Speaker: Thomas White, UNR
Program Description:
Transport properties in warm dense matter (WDM), such as thermal conductivity, have extensive theoretical predictions but lack experimental benchmarking [1]. We have developed a Fresnel Diffractive Radiography (FDR) platform at the Omega Laser Facility, which enables high spatial resolution measurements of the evolution of an isochorically-heated WDM interface [2-4]. Novel 1 µm-wide slits provide a spatially coherent X-ray source that, in the presence of sharp density gradients, result in distinct diffraction fringes. Isochoric X-ray heating of CH-coated metal wires sets up a temperature differential at the material interface. After pressure equilibration, the interface is hydrodynamically stable, and the evolution of the interface is driven primarily through thermal conduction, which modifies the temperature and density profiles.
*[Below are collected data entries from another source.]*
lemma cohesive_group_represented:
  assumes l: "l \<in> {1..k}" and S: "S \<subseteq> voters n"
    and large: "real l * real n / real k \<le> real (card S)"
    and cohesive: "l \<le> card (C \<inter> (\<Inter>i\<in>S. A i))"
  shows "l \<le> card (prefix_committee w k \<inter> (\<Union>i\<in>S. A i))"
proof (rule ccontr)
  let ?U = "\<Union>i\<in>S. A i"
  assume "\<not> ?thesis"
  then have fewer: "card (prefix_committee w k \<inter> ?U) < l"
    by simp
  then have few: "card {t\<in>{1..k}. w t \<in> ?U} < l"
    using card_approved_rounds[of ?U] by linarith
  have large_q: "real l * q \<le> real (card S)"
    using large by (simp add: quota_def)
  moreover have "0 < real l * q"
    using quota_pos l by simp
  ultimately have "S \<noteq> {}"
    by auto
  then obtain c where c: "c \<in> C" "\<forall>i\<in>S. c \<in> A i" "c \<notin> prefix_committee w k"
    by (rule unelected_common_candidate[OF _ fewer cohesive])
  have budget: "q \<le> (\<Sum>i\<in>S. f j i)" if "j \<le> k" for j
    using group_budget_ge_quota[OF S large_q few that] .
  have "S \<subseteq> N c"
    using S c(2) by (auto simp: supporters_def)
  have winners_quota: "\<forall>t\<in>{1..k}. q \<le> (\<Sum>i\<in>N (w t). f (t - 1) i)"
  proof
    fix t
    assume t: "t \<in> {1..k}"
    have "(\<Sum>i\<in>S. f (t - 1) i) \<le> (\<Sum>i\<in>N c. f (t - 1) i)"
      using \<open>S \<subseteq> N c\<close> fraction_nonneg[of "t - 1"] supporters_subset_voters t
      by (intro sum_mono2 finite_supporters) force+
    then have "q \<le> (\<Sum>i\<in>N c. f (t - 1) i)"
      using budget[of "t - 1"] t by force
    moreover have "c \<in> C - prefix_committee w (t - 1)"
      using c(1,3) t by (auto simp: prefix_committee_def)
    ultimately show "q \<le> (\<Sum>i\<in>N (w t). f (t - 1) i)"
      using winner_has_quota[OF t] by blast
  qed
  have "(\<Sum>i\<in>S. f k i) \<le> (\<Sum>i\<in>voters n. f k i)"
    using S fraction_nonneg[of k] by (intro sum_mono2 finite_voters) auto
  also have "\<dots> = 0"
    using total_budget_eq[OF winners_quota order_refl] k_pos by (simp add: quota_def)
  finally show False
    using budget[of k] quota_pos by simp
qed

end

theorem mainTheorem1:
  fixes n k :: nat and C :: "'c set" and A :: "nat \<Rightarrow> 'c set"
    and w :: "nat \<Rightarrow> 'c" and f :: "nat \<Rightarrow> nat \<Rightarrow> real"
  assumes "finite C"
    and "1 \<le> n"
    and "0 < k" and "k \<le> card C"
    and "\<forall>i \<in> voters n. A i \<subseteq> C"
    and "pjr_exact_run n C A k w f"
  shows "provides_PJR n C A k (prefix_committee w k)"
proof -
  interpret pjr_exact n C A k w f
    using assms(2,3,6) by unfold_locales
  show ?thesis
    unfolding provides_PJR_def
    using committee_subset card_committee cohesive_group_represented by blast
qed
lemma coefficient_grid_exists:
  assumes "0 < h" "0 \<le> \<Gamma>"
  obtains G where "finite G" "real (card G) \<le> (2 * \<Gamma> / h + 2) ^ R"
    "\<And>\<sigma>. sqrt (\<Sum>r<R. (\<sigma> r)\<^sup>2) \<le> \<Gamma> \<Longrightarrow>
       \<exists>\<sigma>'\<in>G. (\<Sum>r<R. \<bar>\<sigma> r - \<sigma>' r\<bar>) \<le> real R * h \<and> (\<Sum>r<R. \<bar>\<sigma>' r\<bar>) \<le> sqrt (real R) * \<Gamma> + real R * h"
proof -
  obtain grid where "finite grid" and card_grid: "real (card grid) \<le> 2 * \<Gamma> / h + 2"
    and grid: "{x. \<bar>x\<bar> \<le> \<Gamma>} \<subseteq> (\<Union>y\<in>grid. cball y h)"
    using interval_grid_exists[OF assms] .
  define G where "G = PiE {..<R} (\<lambda>_. grid)"
  have "finite G" unfolding G_def using \<open>finite grid\<close> by (simp add: finite_PiE)
  moreover have "real (card G) \<le> (2 * \<Gamma> / h + 2) ^ R"
    unfolding G_def using card_grid by (simp add: card_PiE power_mono)
  moreover have "\<exists>\<sigma>'\<in>G. (\<Sum>r<R. \<bar>\<sigma> r - \<sigma>' r\<bar>) \<le> real R * h
      \<and> (\<Sum>r<R. \<bar>\<sigma>' r\<bar>) \<le> sqrt (real R) * \<Gamma> + real R * h"
    if \<sigma>: "sqrt (\<Sum>r<R. (\<sigma> r)\<^sup>2) \<le> \<Gamma>" for \<sigma> :: "nat \<Rightarrow> real"
  proof -
    have "\<sigma> r \<in> {x. \<bar>x\<bar> \<le> \<Gamma>}" if "r < R" for r
    proof -
      have "(\<sigma> r)\<^sup>2 \<le> (\<Sum>r<R. (\<sigma> r)\<^sup>2)" using that by (intro member_le_sum) auto
      then have "\<bar>\<sigma> r\<bar> \<le> sqrt (\<Sum>r<R. (\<sigma> r)\<^sup>2)" by (simp add: real_le_rsqrt)
      then show ?thesis using \<sigma> by simp
    qed
    then obtain \<sigma>' where \<sigma>': "\<And>r. r < R \<Longrightarrow> \<sigma>' r \<in> grid \<and> dist (\<sigma> r) (\<sigma>' r) \<le> h"
      by (rule choose_net_points[OF grid]) auto
    have "restrict \<sigma>' {..<R} \<in> G" using \<sigma>' by (simp add: G_def)
    moreover have "(\<Sum>r<R. \<bar>\<sigma> r - \<sigma>' r\<bar>) \<le> (\<Sum>r<R. h)"
      using \<sigma>' by (intro sum_mono) (simp add: dist_real_def)
    moreover have "(\<Sum>r<R. \<bar>\<sigma>' r\<bar>) \<le> (\<Sum>r<R. \<bar>\<sigma> r\<bar> + h)"
      using \<sigma>' by (intro sum_mono) (force simp: dist_real_def)
    then have "(\<Sum>r<R. \<bar>\<sigma>' r\<bar>) \<le> sqrt (real R) * \<Gamma> + real R * h"
      using sum_abs_le_sqrt_sum_squares[of \<sigma> R] mult_left_mono[OF \<sigma>, of "sqrt R"]
      by (simp add: sum.distrib)
    ultimately show ?thesis by (intro bexI[of _ "restrict \<sigma>' {..<R}"]) auto
  qed
  ultimately show ?thesis by (rule that)
qed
We present results for the thermal conductivity of warm dense tungsten and plastic, obtained through analysis of the evolving diffraction pattern. However, our results also reveal the presence of interfacial thermal resistance (ITR) at the boundary between two WDM systems.
1) T. G. White et al. PTRSA 381, 20220223 (2023).
2) C. H. Allen et al. AO 61, 1987 (2022).
3) M. Oliver et al. RSI 93, 093502 (2022).
4) M. O. Schoelmerich et al. RSI 94, 013104 (2023).